As the weeks and months pass leading up to your delivery date, you’re probably eagerly planning for the new addition to your family, and adjusting to what is going on in your own body.


During the third trimester, you’ll notice many changes that may affect how you feel:

  • You’ll gain weight, typically at a rate averaging about one pound a week during the last trimester.

  • As your baby grows in size and places pressure on nearby organs, you may experience episodes of shortness of breath and back pain.

  • You may urinate more frequently as pressure is placed on your bladder, and you might have episodes of incontinence.

  • You may find it harder to get comfortable, and sleep may become more difficult. You may prefer to sleep on your side.

  • You could experience more fatigue than usual.

  • You may have heartburn, swelling in your feet and ankles, back pain, and hemorrhoids.

  • You may have “false labor” contractions known as Braxton- Hicks contractions. These Braxton-Hicks contractions begin to soften and thin the cervix, preparing it for the delivery of the baby. But unlike true labor contractions, they are irregular, do not occur more often as time passes, and do not become stronger or more intense.
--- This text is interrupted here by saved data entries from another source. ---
lemma sum_pairs_swap:
  "(\<Sum>(p,q)\<leftarrow>A. \<Sum>(p',q')\<leftarrow>B. f p q p' q')
     = (\<Sum>(p',q')\<leftarrow>B. \<Sum>(p,q)\<leftarrow>A. (f p q p' q' :: 'a::comm_monoid_add))"
  using sum_list_swap[of "\<lambda>x y. f (fst x) (snd x) (fst y) (snd y)" B A]
  by (simp add: case_prod_beta')

lemma sum_pairs_pull2:
  "(\<Sum>(a,b)\<leftarrow>A. \<Sum>(c,d)\<leftarrow>B a b. \<Sum>(x,y)\<leftarrow>W. F a b c d x y)
     = (\<Sum>(x,y)\<leftarrow>W. \<Sum>(a,b)\<leftarrow>A. \<Sum>(c,d)\<leftarrow>B a b. (F a b c d x y :: 'a::comm_monoid_add))"
  by (simp add: sum_pairs_swap[where A="B _ _"] sum_pairs_swap[where A=A])

lemma sum_pairs_pull3:
  "(\<Sum>(a,b)\<leftarrow>A. \<Sum>(c,d)\<leftarrow>B a b. \<Sum>(e,f)\<leftarrow>C a b c d. \<Sum>(x,y)\<leftarrow>W. F a b c d e f x y)
     = (\<Sum>(x,y)\<leftarrow>W. \<Sum>(a,b)\<leftarrow>A. \<Sum>(c,d)\<leftarrow>B a b. \<Sum>(e,f)\<leftarrow>C a b c d.
          (F a b c d e f x y :: 'a::comm_monoid_add))"
  by (simp add: sum_pairs_pull2 sum_pairs_swap[where A=A])

lemma sum_pairs_reverse3:
  "(\<Sum>(a,b)\<leftarrow>A. \<Sum>(c,d)\<leftarrow>B. \<Sum>(e,f)\<leftarrow>C. F a b c d e f)
     = (\<Sum>(e,f)\<leftarrow>C. \<Sum>(c,d)\<leftarrow>B. \<Sum>(a,b)\<leftarrow>A. (F a b c d e f :: 'a::comm_monoid_add))"
  by (subst sum_pairs_pull2) (intro sum_pairs_cong sum_pairs_swap)

lemma sum_pairs_const_mult:
  "c * (\<Sum>(p,q)\<leftarrow>L. g p q) = (\<Sum>(p,q)\<leftarrow>L. c * (g p q :: 'a::semiring_0))"
  by (induction L) (auto simp: distrib_left)

lemma sum_pairs_mult_const:
  "(\<Sum>(p,q)\<leftarrow>L. g p q) * c = (\<Sum>(p,q)\<leftarrow>L. (g p q :: 'a::semiring_0) * c)"
  by (induction L) (auto simp: distrib_right)

lemma sum_pairs_map_comp [simp]:
  "sum_list (map (f \<circ> (\<lambda>(c,d). g c d)) M) = (\<Sum>(c,d)\<leftarrow>M. f (g c d))"
  by (induction M) auto

lemma sum_concat_map_Pair [simp]:
  "(\<Sum>x\<leftarrow>concat (map (\<lambda>(a,b). map (Pair a) (M a b)) L). f x)
     = (\<Sum>(a,b)\<leftarrow>L. \<Sum>y\<leftarrow>M a b. f (a,y))"
  by (induction L) (auto simp: comp_def)

lemma sum_concat_map_pairs [simp]:
  "(\<Sum>x\<leftarrow>concat (map (\<lambda>(a,b). map (\<lambda>(c,d). g a b c d) (M a b)) L). f x)
     = (\<Sum>(a,b)\<leftarrow>L. \<Sum>(c,d)\<leftarrow>M a b. f (g a b c d))"
  by (induction L) auto

lemma sum_pairs_concat_map [simp]:
  "sum_list (concat (map (\<lambda>(a,b). map (\<lambda>(c,d). g a b c d) (M a b)) L))
     = (\<Sum>(a,b)\<leftarrow>L. \<Sum>(c,d)\<leftarrow>M a b. g a b c d)"
  by (induction L) (auto simp: comp_def)

lemma sum_pairs_concat:
  "sum_list (map f (concat (map (\<lambda>(a,b). G a b) L))) = (\<Sum>(a,b)\<leftarrow>L. sum_list (map f (G a b)))"
  by (induction L) auto

section \<open>Linear functionals\<close>

lemma lin_add: "lin sc f \<Longrightarrow> f (a + b) = f a + f b"
  by (simp add: lin_def)

lemma lin_scale: "lin sc f \<Longrightarrow> f (sc c a) = c * f a"
  by (simp add: lin_def)

lemma lin_zero: "lin sc f \<Longrightarrow> f 0 = 0"
  using lin_add[of sc f 0 0] by (metis add_cancel_right_left)

lemma lin_diff: "lin sc f \<Longrightarrow> f (a - b) = f a - f b"
  using lin_add[of sc f "a - b" b] by simp

lemma lin_sum_pairs: "lin sc f \<Longrightarrow> f (\<Sum>(p,q)\<leftarrow>L. g p q) = (\<Sum>(p,q)\<leftarrow>L. f (g p q))"
  by (induction L) (auto simp: lin_zero lin_add)

lemma linH_add: "linH sc f \<Longrightarrow> f (a + b) = f a + f b"
  by (simp add: linH_def)

lemma linH_scale: "linH sc f \<Longrightarrow> f (sc c a) = sc c (f a)"
  by (simp add: linH_def)

lemma linH_zero: "linH sc f \<Longrightarrow> f 0 = 0"
  using linH_add[of sc f 0 0] by (metis add_cancel_right_left)

lemma linH_sum_pairs: "linH sc f \<Longrightarrow> f (\<Sum>(p,q)\<leftarrow>L. g p q) = (\<Sum>(p,q)\<leftarrow>L. f (g p q))"
  by (induction L) (auto simp: linH_zero linH_add)

lemma lin_comp_linH: "lin sc f \<Longrightarrow> linH sc g \<Longrightarrow> lin sc (\<lambda>h. f (g h))"
  by (simp add: lin_def linH_def)

named_theorems lin_intros

lemma lin_const_mult [lin_intros]: "lin sc f \<Longrightarrow> lin sc (\<lambda>h. c * f h)"
  by (simp add: lin_def algebra_simps)

lemma lin_mult_const [lin_intros]: "lin sc f \<Longrightarrow> lin sc (\<lambda>h. f h * c)"
  by (simp add: lin_def algebra_simps)

lemma lin_sum_list: "(\<And>x. lin sc (G x)) \<Longrightarrow> lin sc (\<lambda>h. \<Sum>x\<leftarrow>L. G x h)"
  unfolding lin_def by (induction L) (simp_all add: sum_list_addf sum_list_const_mult distrib_left)

lemma lin_sum_pairs_fun [lin_intros]:
  "(\<And>p q. lin sc (G p q)) \<Longrightarrow> lin sc (\<lambda>h. \<Sum>(p,q)\<leftarrow>L. G p q h)"
  unfolding lin_def by (induction L) (auto simp: sum_list_addf sum_list_const_mult distrib_left)

lemma linH_ident [lin_intros]: "linH sc (\<lambda>h. h)"
  by (simp add: linH_def)

lemma vector_space_field: "vector_space ((*) :: 'k::field \<Rightarrow> 'k \<Rightarrow> 'k)"
  unfolding vector_space_def by (simp_all add: algebra_simps)

lemma exists_lin_separating:
  fixes sc :: "'k::field \<Rightarrow> 'h::ab_group_add \<Rightarrow> 'h"
  assumes "vector_space sc" and "x \<noteq> 0"
  shows "\<exists>\<phi>. lin sc \<phi> \<and> \<phi> x = 1"
proof -
  interpret vector_space_pair sc "(*) :: 'k \<Rightarrow> 'k \<Rightarrow> 'k"
    using assms(1) vector_space_field by (simp add: vector_space_pair_def)
  have ind: "vs1.independent {x}"
    using assms(2) by (intro vs1.independent_insertI) (auto simp: vs1.span_empty vs1.independent_empty)
  have "construct {x} (\<lambda>_. 1) x = 1"
    by (rule construct_basis[OF ind]) simp
  moreover have "lin sc (construct {x} (\<lambda>_. 1))"
    using linear_construct[OF ind, of "\<lambda>_. 1"] unfolding lin_def by (simp add: linear_iff)
  ultimately show ?thesis by blast
qed

lemma lin_separating_eq:
  fixes sc :: "'k::field \<Rightarrow> 'h::ab_group_add \<Rightarrow> 'h"
  assumes "vector_space sc" and "\<And>\<phi>. lin sc \<phi> \<Longrightarrow> \<phi> u = \<phi> v"
  shows "u = v"
proof (rule ccontr)
  assume "u \<noteq> v"
  then obtain \<phi> where "lin sc \<phi>" "\<phi> (u - v) = 1"
    using exists_lin_separating[OF assms(1)] by (metis right_minus_eq)
  then show False using assms(2)[of \<phi>] lin_diff[of sc \<phi> u v] by simp
qed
While you’re pregnant, you and your spouse/partner may be participating in childbirth education classes, which will give you information about labor and birth, provide the chance to meet other parents-to-be, and help you prepare for the birth. Several types of classes are available in many communities. The Lamaze method, for example, uses approaches such as focused breathing, massage, and labor support that can be used during the actual childbirth process.

The Bradley method emphasizes natural childbirth, and relies heavily on deep breathing techniques. Many childbirth education classes discuss a combination of these as well as other methods to teach expectant parents about the birth process and ways to make the delivery successful, comfortable, and enjoyable.

Whatever class you’re considering, ask in advance about the topics and methods of childbirth that will be emphasized, and whether the classes are primarily lectures or also involve your active participation. What is the instructor’s philosophy about pregnancy and birth? Is he or she certified? Will you learn proper methods for breathing and relaxation? What will the classes cost? Is there a limit on class size?

At the same time, consider signing up for other classes that can help prepare you for the parenting challenges ahead. Ask your doctor for referrals to breastfeeding classes, infant care programs, or instructional courses on cardiopulmonary resuscitation (CPR).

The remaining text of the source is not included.